● Exercise: In the data, find the word "also" and copy out every line that has it.

━━━━━ Excerpted data ━━━━━

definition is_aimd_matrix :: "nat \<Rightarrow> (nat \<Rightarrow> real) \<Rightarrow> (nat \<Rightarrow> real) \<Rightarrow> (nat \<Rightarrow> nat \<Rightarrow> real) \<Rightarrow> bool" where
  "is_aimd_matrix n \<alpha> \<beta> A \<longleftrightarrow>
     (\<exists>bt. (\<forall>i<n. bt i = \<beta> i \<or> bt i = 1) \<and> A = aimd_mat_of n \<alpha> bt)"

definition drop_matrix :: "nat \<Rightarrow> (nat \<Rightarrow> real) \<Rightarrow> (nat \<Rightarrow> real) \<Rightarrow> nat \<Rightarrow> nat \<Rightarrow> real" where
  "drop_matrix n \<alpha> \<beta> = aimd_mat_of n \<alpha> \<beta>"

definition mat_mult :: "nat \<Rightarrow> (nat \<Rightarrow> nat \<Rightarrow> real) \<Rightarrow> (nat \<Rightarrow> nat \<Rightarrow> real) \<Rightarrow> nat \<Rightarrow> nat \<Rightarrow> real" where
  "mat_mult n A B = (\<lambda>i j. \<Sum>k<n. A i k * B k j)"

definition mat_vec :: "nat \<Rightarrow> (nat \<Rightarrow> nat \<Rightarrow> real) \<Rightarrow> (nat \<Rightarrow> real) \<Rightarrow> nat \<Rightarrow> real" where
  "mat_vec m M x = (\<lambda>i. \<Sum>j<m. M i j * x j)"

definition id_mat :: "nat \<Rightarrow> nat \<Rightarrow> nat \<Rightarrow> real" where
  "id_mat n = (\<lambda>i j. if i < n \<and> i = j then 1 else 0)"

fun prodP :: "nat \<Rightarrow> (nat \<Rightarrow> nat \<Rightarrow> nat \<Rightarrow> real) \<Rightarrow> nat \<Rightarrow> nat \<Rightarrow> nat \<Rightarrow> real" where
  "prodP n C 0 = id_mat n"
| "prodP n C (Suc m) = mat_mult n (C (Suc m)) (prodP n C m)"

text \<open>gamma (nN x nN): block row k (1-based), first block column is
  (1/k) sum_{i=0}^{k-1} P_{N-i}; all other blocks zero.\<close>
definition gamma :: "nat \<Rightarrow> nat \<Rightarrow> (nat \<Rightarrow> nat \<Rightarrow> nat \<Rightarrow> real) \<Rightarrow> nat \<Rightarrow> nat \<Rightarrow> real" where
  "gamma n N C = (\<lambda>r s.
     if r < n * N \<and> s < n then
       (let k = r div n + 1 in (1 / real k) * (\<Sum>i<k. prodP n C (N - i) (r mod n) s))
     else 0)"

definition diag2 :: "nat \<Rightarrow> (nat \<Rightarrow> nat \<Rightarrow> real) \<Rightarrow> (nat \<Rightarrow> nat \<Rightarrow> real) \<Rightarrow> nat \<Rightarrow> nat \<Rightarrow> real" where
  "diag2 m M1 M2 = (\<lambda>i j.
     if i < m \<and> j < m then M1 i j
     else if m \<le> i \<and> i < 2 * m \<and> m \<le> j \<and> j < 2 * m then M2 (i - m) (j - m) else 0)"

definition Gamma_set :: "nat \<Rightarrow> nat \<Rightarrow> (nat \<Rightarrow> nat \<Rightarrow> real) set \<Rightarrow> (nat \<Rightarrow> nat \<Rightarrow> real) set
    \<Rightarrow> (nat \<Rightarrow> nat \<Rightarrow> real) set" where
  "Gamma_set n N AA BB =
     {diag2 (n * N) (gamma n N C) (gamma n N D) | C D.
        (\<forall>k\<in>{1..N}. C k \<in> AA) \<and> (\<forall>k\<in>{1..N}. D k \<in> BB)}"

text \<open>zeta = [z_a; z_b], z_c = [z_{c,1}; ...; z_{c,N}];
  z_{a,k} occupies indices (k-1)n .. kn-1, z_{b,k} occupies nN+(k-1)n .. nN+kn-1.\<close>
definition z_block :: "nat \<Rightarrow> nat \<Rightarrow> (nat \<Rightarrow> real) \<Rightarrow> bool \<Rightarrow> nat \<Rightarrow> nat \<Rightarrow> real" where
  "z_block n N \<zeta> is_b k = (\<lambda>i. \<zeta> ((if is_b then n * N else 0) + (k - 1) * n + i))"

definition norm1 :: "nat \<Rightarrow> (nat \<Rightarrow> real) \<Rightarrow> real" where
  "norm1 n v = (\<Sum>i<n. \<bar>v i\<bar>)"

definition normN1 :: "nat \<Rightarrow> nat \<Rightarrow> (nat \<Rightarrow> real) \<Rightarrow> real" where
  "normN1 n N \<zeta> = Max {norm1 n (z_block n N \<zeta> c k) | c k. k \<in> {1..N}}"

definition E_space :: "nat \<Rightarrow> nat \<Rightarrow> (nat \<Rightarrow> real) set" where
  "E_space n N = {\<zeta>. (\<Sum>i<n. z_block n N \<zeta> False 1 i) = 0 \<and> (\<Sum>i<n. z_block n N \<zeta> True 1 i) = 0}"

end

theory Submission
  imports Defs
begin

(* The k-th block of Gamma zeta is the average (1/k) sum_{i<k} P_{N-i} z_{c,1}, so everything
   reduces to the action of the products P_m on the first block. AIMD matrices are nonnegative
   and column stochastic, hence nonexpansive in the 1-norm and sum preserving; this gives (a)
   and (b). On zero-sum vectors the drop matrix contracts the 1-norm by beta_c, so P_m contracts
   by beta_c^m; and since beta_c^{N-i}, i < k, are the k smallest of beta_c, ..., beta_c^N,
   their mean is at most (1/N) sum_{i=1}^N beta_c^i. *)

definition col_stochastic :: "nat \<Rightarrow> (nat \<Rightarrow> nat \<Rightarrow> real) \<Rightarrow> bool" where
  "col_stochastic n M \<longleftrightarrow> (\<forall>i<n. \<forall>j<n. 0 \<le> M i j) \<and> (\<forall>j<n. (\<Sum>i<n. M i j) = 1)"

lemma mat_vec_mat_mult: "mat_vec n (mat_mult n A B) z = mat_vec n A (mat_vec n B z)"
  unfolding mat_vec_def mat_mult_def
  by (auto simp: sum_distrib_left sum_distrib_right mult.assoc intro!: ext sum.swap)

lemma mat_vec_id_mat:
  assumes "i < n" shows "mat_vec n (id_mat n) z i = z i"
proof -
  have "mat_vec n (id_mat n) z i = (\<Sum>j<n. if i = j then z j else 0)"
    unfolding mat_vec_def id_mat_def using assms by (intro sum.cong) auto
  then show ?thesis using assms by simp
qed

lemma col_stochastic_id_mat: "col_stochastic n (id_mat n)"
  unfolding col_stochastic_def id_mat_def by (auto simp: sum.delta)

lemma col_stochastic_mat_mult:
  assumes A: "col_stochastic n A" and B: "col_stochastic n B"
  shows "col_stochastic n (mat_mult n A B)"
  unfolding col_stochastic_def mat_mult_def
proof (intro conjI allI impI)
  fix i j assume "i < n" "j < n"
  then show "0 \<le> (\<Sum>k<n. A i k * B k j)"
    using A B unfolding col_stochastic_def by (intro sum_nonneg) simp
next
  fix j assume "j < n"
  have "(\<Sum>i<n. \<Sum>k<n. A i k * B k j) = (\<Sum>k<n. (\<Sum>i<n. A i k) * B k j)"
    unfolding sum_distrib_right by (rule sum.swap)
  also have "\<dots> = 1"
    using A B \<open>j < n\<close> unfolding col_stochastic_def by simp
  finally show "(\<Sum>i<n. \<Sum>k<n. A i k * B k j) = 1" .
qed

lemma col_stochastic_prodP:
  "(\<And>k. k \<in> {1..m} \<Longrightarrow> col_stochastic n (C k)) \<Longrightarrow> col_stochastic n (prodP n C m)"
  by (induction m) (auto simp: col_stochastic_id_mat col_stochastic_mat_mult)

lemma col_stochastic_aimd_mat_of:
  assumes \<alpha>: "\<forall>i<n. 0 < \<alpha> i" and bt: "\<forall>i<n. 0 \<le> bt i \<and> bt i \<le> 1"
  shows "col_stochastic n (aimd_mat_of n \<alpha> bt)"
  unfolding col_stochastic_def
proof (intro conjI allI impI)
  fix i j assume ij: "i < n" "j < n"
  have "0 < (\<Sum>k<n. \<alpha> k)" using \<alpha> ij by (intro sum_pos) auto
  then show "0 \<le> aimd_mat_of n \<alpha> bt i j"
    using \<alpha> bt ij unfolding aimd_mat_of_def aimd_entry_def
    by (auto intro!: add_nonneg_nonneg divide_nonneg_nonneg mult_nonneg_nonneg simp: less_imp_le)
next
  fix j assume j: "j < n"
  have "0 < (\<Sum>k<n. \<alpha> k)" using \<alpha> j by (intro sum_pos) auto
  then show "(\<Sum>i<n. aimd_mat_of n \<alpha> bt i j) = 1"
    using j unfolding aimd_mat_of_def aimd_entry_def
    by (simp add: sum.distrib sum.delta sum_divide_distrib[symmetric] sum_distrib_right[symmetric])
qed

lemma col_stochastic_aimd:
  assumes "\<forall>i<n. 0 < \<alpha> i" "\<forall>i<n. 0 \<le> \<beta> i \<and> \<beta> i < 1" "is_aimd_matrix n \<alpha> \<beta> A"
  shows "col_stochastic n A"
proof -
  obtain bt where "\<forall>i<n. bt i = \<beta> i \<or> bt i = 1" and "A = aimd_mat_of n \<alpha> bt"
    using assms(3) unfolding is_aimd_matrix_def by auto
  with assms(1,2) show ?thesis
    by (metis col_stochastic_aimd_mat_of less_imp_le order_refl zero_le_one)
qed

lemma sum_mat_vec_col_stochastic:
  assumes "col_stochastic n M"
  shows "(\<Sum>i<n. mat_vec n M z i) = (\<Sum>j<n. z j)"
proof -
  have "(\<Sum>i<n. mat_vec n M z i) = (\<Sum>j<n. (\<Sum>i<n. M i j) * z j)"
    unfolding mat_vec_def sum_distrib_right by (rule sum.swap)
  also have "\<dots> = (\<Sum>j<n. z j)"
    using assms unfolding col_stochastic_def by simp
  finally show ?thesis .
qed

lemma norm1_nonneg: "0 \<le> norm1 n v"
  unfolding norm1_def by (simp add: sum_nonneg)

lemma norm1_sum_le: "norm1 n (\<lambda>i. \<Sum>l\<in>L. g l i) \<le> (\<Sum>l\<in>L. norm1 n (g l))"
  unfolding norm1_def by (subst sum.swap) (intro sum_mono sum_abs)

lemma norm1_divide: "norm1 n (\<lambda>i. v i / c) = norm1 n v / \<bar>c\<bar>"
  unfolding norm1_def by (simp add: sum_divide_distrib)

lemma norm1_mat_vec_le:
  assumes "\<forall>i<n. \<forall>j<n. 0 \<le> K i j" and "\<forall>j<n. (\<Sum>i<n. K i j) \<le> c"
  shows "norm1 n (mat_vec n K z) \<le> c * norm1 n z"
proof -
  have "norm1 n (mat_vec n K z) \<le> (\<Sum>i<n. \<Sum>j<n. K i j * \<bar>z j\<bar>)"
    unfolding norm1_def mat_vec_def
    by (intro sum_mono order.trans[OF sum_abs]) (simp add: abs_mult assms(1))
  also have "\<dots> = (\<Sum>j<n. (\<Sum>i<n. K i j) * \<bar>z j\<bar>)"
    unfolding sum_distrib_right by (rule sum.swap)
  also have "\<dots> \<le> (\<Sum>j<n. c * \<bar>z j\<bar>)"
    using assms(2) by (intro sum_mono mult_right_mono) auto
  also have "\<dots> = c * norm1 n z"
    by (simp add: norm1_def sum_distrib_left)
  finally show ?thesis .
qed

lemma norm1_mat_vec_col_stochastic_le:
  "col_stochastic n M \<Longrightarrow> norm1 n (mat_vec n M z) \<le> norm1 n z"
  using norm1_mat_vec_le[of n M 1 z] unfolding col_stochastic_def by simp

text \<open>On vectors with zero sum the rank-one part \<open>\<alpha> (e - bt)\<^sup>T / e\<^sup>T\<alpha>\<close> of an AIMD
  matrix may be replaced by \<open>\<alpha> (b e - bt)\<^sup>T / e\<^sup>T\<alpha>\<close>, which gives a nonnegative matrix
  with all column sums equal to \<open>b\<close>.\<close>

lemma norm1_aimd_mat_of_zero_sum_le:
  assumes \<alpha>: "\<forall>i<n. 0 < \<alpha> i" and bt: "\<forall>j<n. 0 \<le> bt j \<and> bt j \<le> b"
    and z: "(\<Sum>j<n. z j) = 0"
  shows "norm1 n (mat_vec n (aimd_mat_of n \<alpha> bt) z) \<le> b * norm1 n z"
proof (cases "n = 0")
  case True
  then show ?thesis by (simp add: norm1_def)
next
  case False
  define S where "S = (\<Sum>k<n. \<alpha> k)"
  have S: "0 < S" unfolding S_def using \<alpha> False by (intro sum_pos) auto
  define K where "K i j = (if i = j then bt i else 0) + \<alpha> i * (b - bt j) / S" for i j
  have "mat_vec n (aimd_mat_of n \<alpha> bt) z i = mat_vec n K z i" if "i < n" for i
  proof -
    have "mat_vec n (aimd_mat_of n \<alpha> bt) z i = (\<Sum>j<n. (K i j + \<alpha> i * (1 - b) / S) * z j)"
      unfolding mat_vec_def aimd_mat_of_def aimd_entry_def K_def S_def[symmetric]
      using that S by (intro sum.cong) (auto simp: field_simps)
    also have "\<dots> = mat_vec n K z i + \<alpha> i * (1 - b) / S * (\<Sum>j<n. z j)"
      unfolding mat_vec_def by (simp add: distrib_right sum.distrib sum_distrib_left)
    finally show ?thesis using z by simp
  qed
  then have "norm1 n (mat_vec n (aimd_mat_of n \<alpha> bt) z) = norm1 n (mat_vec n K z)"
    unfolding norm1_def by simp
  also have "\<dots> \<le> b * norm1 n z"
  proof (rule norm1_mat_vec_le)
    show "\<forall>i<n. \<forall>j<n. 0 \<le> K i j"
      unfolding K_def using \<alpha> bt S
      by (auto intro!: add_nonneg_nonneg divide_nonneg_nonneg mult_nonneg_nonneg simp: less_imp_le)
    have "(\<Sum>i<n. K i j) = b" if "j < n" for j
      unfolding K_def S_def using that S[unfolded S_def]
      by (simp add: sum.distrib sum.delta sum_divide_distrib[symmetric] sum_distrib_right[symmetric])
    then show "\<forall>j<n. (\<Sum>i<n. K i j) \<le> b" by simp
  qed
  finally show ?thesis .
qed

━━━━━

● Exercise answer:
  also have "\<dots> = 1"
  also have "\<dots> = (\<Sum>j<n. z j)"
  also have "\<dots> = (\<Sum>j<n. (\<Sum>i<n. K i j) * \<bar>z j\<bar>)"
  also have "\<dots> \<le> (\<Sum>j<n. c * \<bar>z j\<bar>)"
  also have "\<dots> = c * norm1 n z"
    also have "\<dots> = mat_vec n K z i + \<alpha> i * (1 - b) / S * (\<Sum>j<n. z j)"
  also have "\<dots> \<le> b * norm1 n z"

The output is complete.